Two other children joined him, a girl and a boy. They looked expectantly at Fenoglio. Ah, yes, the Bluejay stories. He’d always told good robber tales – his own grandchildren had liked them, too, back in the other world. But the stories he thought up here were much better. You heard them everywhere these days: The Incredible Deeds of the Bravest of Robbers, The Noble and Fearless Bluejay. Fenoglio still remembered the night he had made up the Bluejay. His hand had been trembling with rage as he wrote. “The Adderhead’s caught another of the strolling players,” the Black Prince had told him that night. “It was Crookback this time. They hanged him at noon yesterday.”

Crookback – one of his own characters! A harmless fellow who could stand on his head longer than anyone else. “Who does this prince think he is?” Fenoglio had cried out into the night, as if the Adderhead could hear him. “I am lord of life and death in this world, I, Fenoglio, no one else!”

And the words had gone down on paper, wild and angry as the robber he created that night. The Bluejay was all that Fenoglio would have liked to be in the world he had made: free as a bird, subject to no lord, fearless, noble (sometimes witty, too), a man who robbed from the rich and gave to the poor, and protected the weak from the tyranny of the strong in a world where there was no law to do it. .

Fenoglio felt another tug at his sleeve. “Please, Inkweaver!
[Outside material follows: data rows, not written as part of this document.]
(* Let $0<\mu<\lambda_{\min}(A)$ and $\ell\ge1$, and assume that $R_0,\dots,R_{\ell-1}$ (from BCG) have full column rank. For $k=0,\dots,\ell-1$ put $\Upsilon^{(\mu)}_k=\Phi_k^{-1}(\Delta^{(\mu)}_{k+1})^{-1}\Phi_k$ and $\Theta^{(\mu)}_k=(R_k^TR_k)\Upsilon^{(\mu)}_k$. Then for every $k=0,\dots,\ell-1$ the matrices $\Delta^{(\mu)}_{k+1}$ and $\Theta^{(\mu)}_k-\Theta_k$ are symmetric positive definite.
   Context: Let $A\in\mathbb{R}^{n\times n}$ be symmetric positive definite, let $B,X_0\in\mathbb{R}^{n\times m}$, and let $X=A^{-1}B$. The block conjugate gradient (BCG) algorithm sets $R_0=B-AX_0$, $P_0=R_0$, and for $k=1,2,\dots$: $\Upsilon_{k-1}=(P_{k-1}^TAP_{k-1})^{-1}(R_{k-1}^TR_{k-1})$, $X_k=X_{k-1}+P_{k-1}\Upsilon_{k-1}$, $R_k=R_{k-1}-AP_{k-1}\Upsilon_{k-1}$, $\Xi_k=(R_{k-1}^TR_{k-1})^{-1}(R_k^TR_k)$, $P_k=R_k+P_{k-1}\Xi_k$. Define $\mathfrak{E}_k=(X-X_k)^TA(X-X_k)$ and $\Theta_k=(R_k^TR_k)\Upsilon_k$. The block Lanczos algorithm below is started from the same $R_0=B-AX_0$. Let $A\in\mathbb{R}^{n\times n}$ be symmetric positive definite and $R_0\in\mathbb{R}^{n\times m}$ of full column rank. The block Lanczos algorithm started from $R_0$ is: $V_0=0$; $V_1\Gamma_0=R_0$ is a QR factorization ($V_1\in\mathbb{R}^{n\times m}$ with orthonormal columns, $\Gamma_0\in\mathbb{R}^{m\times m}$ upper triangular); for $k=1,2,\dots$: $W=AV_k-V_{k-1}\Gamma_{k-1}^T$, $\Omega_k=V_k^TW$, and $V_{k+1}\Gamma_k=W-V_k\Omega_k$ is a QR factorization. It is assumed that for all indices considered the block Krylov subspace $\mathrm{colspan}\{R_0,AR_0,\dots,A^{j-1}R_0\}$ has dimension $jm$, so that every $\Gamma_j$ is nonsingular and $V_i^TV_j=\delta_{ij}I_m$. Put $\mathcal V_k=(V_1,\dots,V_k)\in\mathbb{R}^{n\times km}$ and let $T_k\in\mathbb{R}^{km\times km}$ be the symmetric block tridiagonal matrix with diagonal blocks $\Omega_1,\dots,\Omega_k$, subdiagonal blocks $\Gamma_1,\dots,\Gamma_{k-1}$ and superdiagonal blocks $\Gamma_1^T,\dots,\Gamma_{k-1}^T$; one has $A\mathcal V_k=\mathcal V_kT_k+V_{k+1}\Gamma_kE_k^T$ and $T_k=\mathcal V_k^TA\mathcal V_k$ is symmetric positive definite. Define $\Delta_1=\Omega_1$, $\Delta_j=\Omega_j-\Gamma_{j-1}\Delta_{j-1}^{-1}\Gamma_{j-1}^T$ ($j\ge2$) (the diagonal blocks of the block $LDL^T$-type factorization of $T_k$; they are symmetric positive definite), $\Pi_j=\Gamma_j\Delta_j^{-1}$, $\Phi_0=\Gamma_0$ and $\Phi_j=\Pi_j\Phi_{j-1}$. Let $E_j=e_j\otimes I_m\in\mathbb{R}^{km\times m}$; for $M\in\mathbb{R}^{km\times km}$, $[M]_{i,j}$ denotes its $(i,j)$ block of size $m\times m$, and for $Y\in\mathbb{R}^{km\times m}$, $[Y]_j$ denotes its $j$th $m\times m$ block. Shifted quantities: for $\mu\in\mathbb{R}$ let $\overline\Delta^{(\mu)}_1=\Omega_1-\mu I_m$ and $\overline\Delta^{(\mu)}_{j+1}=\Omega_{j+1}-\mu I_m-\Gamma_j(\overline\Delta^{(\mu)}_j)^{-1}\Gamma_j^T$ (the diagonal blocks of the analogous factorization of $T_k-\mu I$). For $k\ge1$ let $\Omega^{(\mu)}_{k+1}=\mu I_m+\Gamma_k[(T_k-\mu I)^{-1}]_{k,k}\Gamma_k^T$ and let $T^{(\mu)}_{k+1}$ be $T_{k+1}$ with its last diagonal block $\Omega_{k+1}$ replaced by $\Omega^{(\mu)}_{k+1}$. Put $\Delta^{(\mu)}_1=\mu I_m$ and, for $k\ge1$, $\Delta^{(\mu)}_{k+1}=\Omega^{(\mu)}_{k+1}-\Gamma_k\Delta_k^{-1}\Gamma_k^T$ (the last diagonal block of the factorization of $T^{(\mu)}_{k+1}$). $\lambda_{\min}(A)$ denotes the smallest eigenvalue of $A$. *)

theory Defs
  imports "Jordan_Normal_Form.Matrix" "Jordan_Normal_Form.Char_Poly"
          "Jordan_Normal_Form.Gauss_Jordan_Elimination"
begin

text \<open>Inverse of a (square, invertible) matrix; the zero matrix is returned for singular
  input, which never happens in the situations considered below.\<close>
definition minv :: "real mat \<Rightarrow> real mat" where
  "minv M = (case mat_inverse M of Some N \<Rightarrow> N | None \<Rightarrow> 0\<^sub>m (dim_row M) (dim_col M))"

definition spd :: "nat \<Rightarrow> real mat \<Rightarrow> bool" where
  "spd d M \<longleftrightarrow> M \<in> carrier_mat d d \<and> M\<^sup>T = M \<and>
     (\<forall>x \<in> carrier_vec d. x \<noteq> 0\<^sub>v d \<longrightarrow> x \<bullet> (M *\<^sub>v x) > 0)"

definition full_col_rank :: "real mat \<Rightarrow> bool" where
  "full_col_rank M \<longleftrightarrow> (\<forall>x \<in> carrier_vec (dim_col M). M *\<^sub>v x = 0\<^sub>v (dim_row M) \<longrightarrow> x = 0\<^sub>v (dim_col M))"

definition lambda_min :: "real mat \<Rightarrow> real" where
  "lambda_min A = Min {ev. eigenvalue A ev}"

definition is_QR :: "nat \<Rightarrow> nat \<Rightarrow> real mat \<Rightarrow> real mat \<Rightarrow> real mat \<Rightarrow> bool" where
  "is_QR n m M Q R \<longleftrightarrow> Q \<in> carrier_mat n m \<and> R \<in> carrier_mat m m \<and>
     Q\<^sup>T * Q = 1\<^sub>m m \<and> upper_triangular R \<and> Q * R = M"

text \<open>Block Krylov matrix (R0, A R0, ..., A^(j-1) R0).\<close>
definition krylov_mat :: "nat \<Rightarrow> nat \<Rightarrow> real mat \<Rightarrow> real mat \<Rightarrow> nat \<Rightarrow> real mat" where
  "krylov_mat n m A R0 j = mat n (j * m) (\<lambda>(r, c). ((A ^\<^sub>m (c div m)) * R0) $$ (r, c mod m))"

primrec bcg :: "real mat \<Rightarrow> real mat \<Rightarrow> real mat \<Rightarrow> nat \<Rightarrow> real mat \<times> real mat \<times> real mat" where
  "bcg A B X0 0 = (X0, B - A * X0, B - A * X0)"
| "bcg A B X0 (Suc k) =
     (let (X, R, P) = bcg A B X0 k;
          Ups = minv (P\<^sup>T * A * P) * (R\<^sup>T * R);
          X' = X + P * Ups;
          R' = R - A * P * Ups;
          Xi = minv (R\<^sup>T * R) * (R'\<^sup>T * R');
          P' = R' + P * Xi
      in (X', R', P'))"

definition bcgX where "bcgX A B X0 k = fst (bcg A B X0 k)"
definition bcgR where "bcgR A B X0 k = fst (snd (bcg A B X0 k))"
definition bcgP where "bcgP A B X0 k = snd (snd (bcg A B X0 k))"

definition bcgUps where
  "bcgUps A B X0 k = minv ((bcgP A B X0 k)\<^sup>T * A * bcgP A B X0 k) *
                      ((bcgR A B X0 k)\<^sup>T * bcgR A B X0 k)"

definition bcgTheta where
  "bcgTheta A B X0 k = ((bcgR A B X0 k)\<^sup>T * bcgR A B X0 k) * bcgUps A B X0 k"

definition lanczos :: "nat \<Rightarrow> nat \<Rightarrow> real mat \<Rightarrow> real mat \<Rightarrow> nat \<Rightarrow>
    (nat \<Rightarrow> real mat) \<Rightarrow> (nat \<Rightarrow> real mat) \<Rightarrow> (nat \<Rightarrow> real mat) \<Rightarrow> bool" where
  "lanczos n m A R0 l V Gam Om \<longleftrightarrow>
     V 0 = 0\<^sub>m n m \<and> is_QR n m R0 (V 1) (Gam 0) \<and>
     (\<forall>k. 1 \<le> k \<and> k < l \<longrightarrow>
        (let W = A * V k - V (k - 1) * (Gam (k - 1))\<^sup>T in
           Om k = (V k)\<^sup>T * W \<and> is_QR n m (W - V k * Om k) (V (k + 1)) (Gam k)))"

text \<open>T_k: symmetric block tridiagonal (k m) x (k m) matrix; diagonal blocks Om 1..Om k,
  block (i+1,i) = Gam i, block (i,i+1) = Gam i ^T (blocks indexed from 1).\<close>
definition Tmat :: "nat \<Rightarrow> (nat \<Rightarrow> real mat) \<Rightarrow> (nat \<Rightarrow> real mat) \<Rightarrow> nat \<Rightarrow> real mat" where
  "Tmat m Gam Om k = mat (k * m) (k * m) (\<lambda>(i, j).
     let bi = i div m + 1; bj = j div m + 1; r = i mod m; c = j mod m in
     if bi = bj then Om bi $$ (r, c)
     else if bi = bj + 1 then Gam bj $$ (r, c)
     else if bj = bi + 1 then (Gam bi)\<^sup>T $$ (r, c)
     else 0)"

text \<open>[M]_{i,j}: the (i,j) block of size m x m (blocks indexed from 1).\<close>
definition blk :: "nat \<Rightarrow> real mat \<Rightarrow> nat \<Rightarrow> nat \<Rightarrow> real mat" where
  "blk m M i j = mat m m (\<lambda>(r, c). M $$ ((i - 1) * m + r, (j - 1) * m + c))"

primrec Delta :: "(nat \<Rightarrow> real mat) \<Rightarrow> (nat \<Rightarrow> real mat) \<Rightarrow> nat \<Rightarrow> real mat" where
  "Delta Gam Om 0 = Om 0"  (* unused *)
| "Delta Gam Om (Suc j) = (if j = 0 then Om 1
     else Om (Suc j) - Gam j * minv (Delta Gam Om j) * (Gam j)\<^sup>T)"

primrec Phi :: "(nat \<Rightarrow> real mat) \<Rightarrow> (nat \<Rightarrow> real mat) \<Rightarrow> nat \<Rightarrow> real mat" where
  "Phi Gam Om 0 = Gam 0"
| "Phi Gam Om (Suc j) = (Gam (Suc j) * minv (Delta Gam Om (Suc j))) * Phi Gam Om j"

text \<open>Om^(mu)_{k+1} for k >= 1.\<close>
definition Om_mu :: "nat \<Rightarrow> (nat \<Rightarrow> real mat) \<Rightarrow> (nat \<Rightarrow> real mat) \<Rightarrow> real \<Rightarrow> nat \<Rightarrow> real mat" where
  "Om_mu m Gam Om \<mu> k = \<mu> \<cdot>\<^sub>m 1\<^sub>m m +
     Gam k * blk m (minv (Tmat m Gam Om k - \<mu> \<cdot>\<^sub>m 1\<^sub>m (k * m))) k k * (Gam k)\<^sup>T"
Just one story!” The boy was really persistent. He loved listening to stories and would very likely make a famous minstrel someday.

“They say the Bluejay stole the Adderhead’s lucky charm!” whispered the little boy. “The hanged man’s finger bone to protect him from the White Women. They say the Bluejay wears it around his own neck now.”

“Do they indeed?” Fenoglio raised his eyebrows, always a very effective move, thick and bushy as they were. “Well, I’ve heard of an even more daring deed, but I must have a word with the Black Prince first.”

“Oh, please, Inkweaver!” They were clinging to his sleeves, almost tearing off the expensive braid he’d had sewn on the coarse fabric for a few coins, so as not to look as poverty-stricken as the scribes who wrote wills and letters in the marketplace. “No!” he said sternly, freeing his sleeve.